Calling the airline seemed like a wise idea, but we’d done that at the onset of our fiasco and were told if an agent booked our tickets it would cost an additional $50. We didn’t want to tack on any other fees since we wanted to upgrade to “economy comfort,” because of the long flight.

So we turned to the online site, read about the aircraft, selected the dates, and digested the fine print in the cancellation insurance.

All of that took a while, and we thought we might have timed-out online. Maybe that’s why our credit cards weren’t accepted.

The airline site listed a toll free number for online technical support and we went that route. After a long hold, with lilting symphonic music playing in the background, a woman answered, and listened to my plight.

“You’ll have to go back to ‘home’ and start the booking procedure all over again,” she said.

I moaned and groused. She felt my pain.

“Let me put you on hold and I’ll check something,” she said.

I held again, and while the music lilted on I checked flights on other airlines. None offered the roomier seats. I held a few more minutes and then gave up, griping about the time I’d wasted, an evening set aside to finish a good book.

Spark went downstairs to watch the Notre Dame game, but upstairs my wheels kept turning. There had to be a way to get those tickets bought. I gingerly walked downstairs and pleaded my case. Spark agreed and we sat on the couch together with the laptop.

This time we were quick as bunnies as we re-entered all of our information — to no avail. Our cards weren’t accepted.

There was only one thing left to do. Call a reservationist, plead our case and talk the airline out of charging the extra $50 fee for talking to a living, breathing human being. And that’s what Spark did, very patiently, to an agent who initially tried to hand us off to “Internet tech support” again, something he begged out of.

It took a while for the reservationist to take down all of our information — just spelling out Stuckenschneider several times will eat up the minutes, but pretty soon it was mission accomplished. Spark hung up and we breathed a huge sigh of relief, feeling positively victorious.

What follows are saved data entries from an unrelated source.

(* Let $r\geq 3$ and let $D$ be an $m$-colored semicomplete $r$-partite digraph such that every directed $3$-cycle $\overrightarrow{C}_3$ and every directed $4$-cycle $\overrightarrow{C}_4$ contained in $D$ (as a subdigraph) is monochromatic. Let $x,y$ be distinct vertices of $D$. If there exists a directed path from $x$ to $y$ using exactly $2$ colors and there is no directed path from $y$ to $x$ using at most $2$ colors, then $d(x,y)\leq 2$.
   Context: A semicomplete $r$-partite digraph ($r\ge 2$) is a digraph whose vertex set is partitioned into $r$ nonempty independent sets (partite sets) such that for any two vertices $u,v$ in different partite sets at least one of the arcs $(u,v)$, $(v,u)$ is present (both may be present); there are no arcs inside a partite set. An $m$-colored digraph is a digraph whose arcs are each assigned one of $m$ colors. A directed path (no repeated vertices) is $j$-colored if its arcs use exactly $j$ distinct colors; it uses at most $k$ colors if it is $j$-colored for some $1\le j\le k$. A subdigraph is monochromatic if all its arcs have the same color. $\overrightarrow{C}_n$ is the directed cycle of length $n$. $d(x,y)$ denotes the minimum number of arcs of a directed path from $x$ to $y$. *)

theory Defs
  imports Main "HOL-Library.Disjoint_Sets"
begin

definition semicomplete_multipartite :: "'a set \<Rightarrow> ('a \<times> 'a) set \<Rightarrow> 'a set set \<Rightarrow> bool" where
  "semicomplete_multipartite V A P \<longleftrightarrow>
     finite V \<and> A \<subseteq> V \<times> V \<and> partition_on V P \<and>
     (\<forall>X\<in>P. \<forall>u\<in>X. \<forall>v\<in>X. (u, v) \<notin> A) \<and>
     (\<forall>u\<in>V. \<forall>v\<in>V. (\<not> (\<exists>X\<in>P. u \<in> X \<and> v \<in> X)) \<longrightarrow> (u, v) \<in> A \<or> (v, u) \<in> A)"

definition path_arcs :: "'a list \<Rightarrow> ('a \<times> 'a) list" where
  "path_arcs p = zip p (tl p)"

definition dpath :: "('a \<times> 'a) set \<Rightarrow> 'a list \<Rightarrow> 'a \<Rightarrow> 'a \<Rightarrow> bool" where
  "dpath A p x y \<longleftrightarrow> p \<noteq> [] \<and> hd p = x \<and> last p = y \<and> distinct p \<and>
     set (path_arcs p) \<subseteq> A"

definition path_colors :: "('a \<times> 'a \<Rightarrow> 'c) \<Rightarrow> 'a list \<Rightarrow> 'c set" where
  "path_colors col p = col ` set (path_arcs p)"

definition dcycle :: "('a \<times> 'a) set \<Rightarrow> nat \<Rightarrow> 'a list \<Rightarrow> bool" where
  "dcycle A n c \<longleftrightarrow> length c = n \<and> distinct c \<and>
     (\<forall>i<n. (c ! i, c ! (Suc i mod n)) \<in> A)"

definition mono_cycle :: "('a \<times> 'a \<Rightarrow> 'c) \<Rightarrow> 'a list \<Rightarrow> bool" where
  "mono_cycle col c \<longleftrightarrow> (\<forall>i<length c. \<forall>j<length c.
     col (c ! i, c ! (Suc i mod length c)) = col (c ! j, c ! (Suc j mod length c)))"

end

theory Submission
  imports Defs
begin

(* Suppose, for contradiction, that every x-y path has at least three arcs.
   Then x and y are non-adjacent, so they lie in a common partite set X, and no vertex z
   gives x -> z -> y (too short) or y -> z -> x (at most two colours).  Hence every vertex
   outside X is a common out-neighbour of x and y or a common in-neighbour of them.
   Walking along the given x-y path, the first vertex after x is a common out-neighbour and
   the last one before y a common in-neighbour; at the first common in-neighbour w the walk
   arrives either directly from a common out-neighbour u, or from u through a vertex v of X. *)

lemma mono_cycle3_colors:
  assumes "mono_cycle col [a, b, c]"
  shows "col (a, b) = col (b, c)" and "col (c, a) = col (b, c)"
proof -
  have eq: "\<And>i j. i < 3 \<Longrightarrow> j < 3 \<Longrightarrow>
      col ([a,b,c] ! i, [a,b,c] ! (Suc i mod 3)) = col ([a,b,c] ! j, [a,b,c] ! (Suc j mod 3))"
    using assms unfolding mono_cycle_def by simp
  show "col (a, b) = col (b, c)" using eq[of 0 1] by simp
  show "col (c, a) = col (b, c)" using eq[of 2 1] by simp
qed

lemma mono_cycle4_colors:
  assumes "mono_cycle col [a, b, c, d]"
  shows "col (a, b) = col (b, c)" and "col (c, d) = col (b, c)" and "col (d, a) = col (b, c)"
proof -
  have eq: "\<And>i j. i < 4 \<Longrightarrow> j < 4 \<Longrightarrow>
      col ([a,b,c,d] ! i, [a,b,c,d] ! (Suc i mod 4)) = col ([a,b,c,d] ! j, [a,b,c,d] ! (Suc j mod 4))"
    using assms unfolding mono_cycle_def by simp
  show "col (a, b) = col (b, c)" using eq[of 0 1] by simp
  show "col (c, d) = col (b, c)" using eq[of 2 1] by simp
  show "col (d, a) = col (b, c)" using eq[of 3 1] by simp
qed

lemma dcycle3I:
  assumes "distinct [a, b, c]" "(a, b) \<in> A" "(b, c) \<in> A" "(c, a) \<in> A"
  shows "dcycle A 3 [a, b, c]"
  unfolding dcycle_def
proof (intro conjI allI impI)
  fix i :: nat assume "i < 3"
  then have "i = 0 \<or> i = 1 \<or> i = 2" by arith
  then show "([a,b,c] ! i, [a,b,c] ! (Suc i mod 3)) \<in> A" using assms by auto
qed (use assms in auto)

lemma dcycle4I:
  assumes "distinct [a, b, c, d]" "(a, b) \<in> A" "(b, c) \<in> A" "(c, d) \<in> A" "(d, a) \<in> A"
  shows "dcycle A 4 [a, b, c, d]"
  unfolding dcycle_def
proof (intro conjI allI impI)
  fix i :: nat assume "i < 4"
  then have "i = 0 \<or> i = 1 \<or> i = 2 \<or> i = 3" by arith
  then show "([a,b,c,d] ! i, [a,b,c,d] ! (Suc i mod 4)) \<in> A" using assms by auto
qed (use assms in auto)

lemma dpath_arc:
  assumes "dpath A p x y" "Suc i < length p"
  shows "(p ! i, p ! Suc i) \<in> A"
proof -
  have "(p ! i, tl p ! i) \<in> set (zip p (tl p))" using assms(2) by (auto simp: set_zip)
  then show ?thesis using assms nth_tl[of i p] unfolding dpath_def path_arcs_def by auto
qed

Minutes later Spark urged me to double-check the e-mail confirmation to make sure the agent had assigned us the “economy comfort” seats he’d so clearly requested for the transatlantic portion of the flight. She hadn’t.

This mistake, of course, had an online fix. We didn’t have to make a phone call to the “complaint/comment” department. Wonder of wonders we could simply send an email, which we hammered out in bursts of utter frustration.

We got a reply three days later but had to read the e-mail out loud repeatedly to try and decipher what the writer was saying. It remains unclear, and required another email from me, asking “Dear Jinny” if she can call me in person and listing not one, but two phone numbers, for her benefit.

All this malarkey for 4 inches of extra legroom and all the drinks we can ingest on the international flight.

If, and/or when, “Dear Jinny” calls I’m going to suggest the airline provide rounds of drinks for potential customers trying to purchase their tickets online. Goodness knows Spark and I could have knocked back a couple of stiff ones.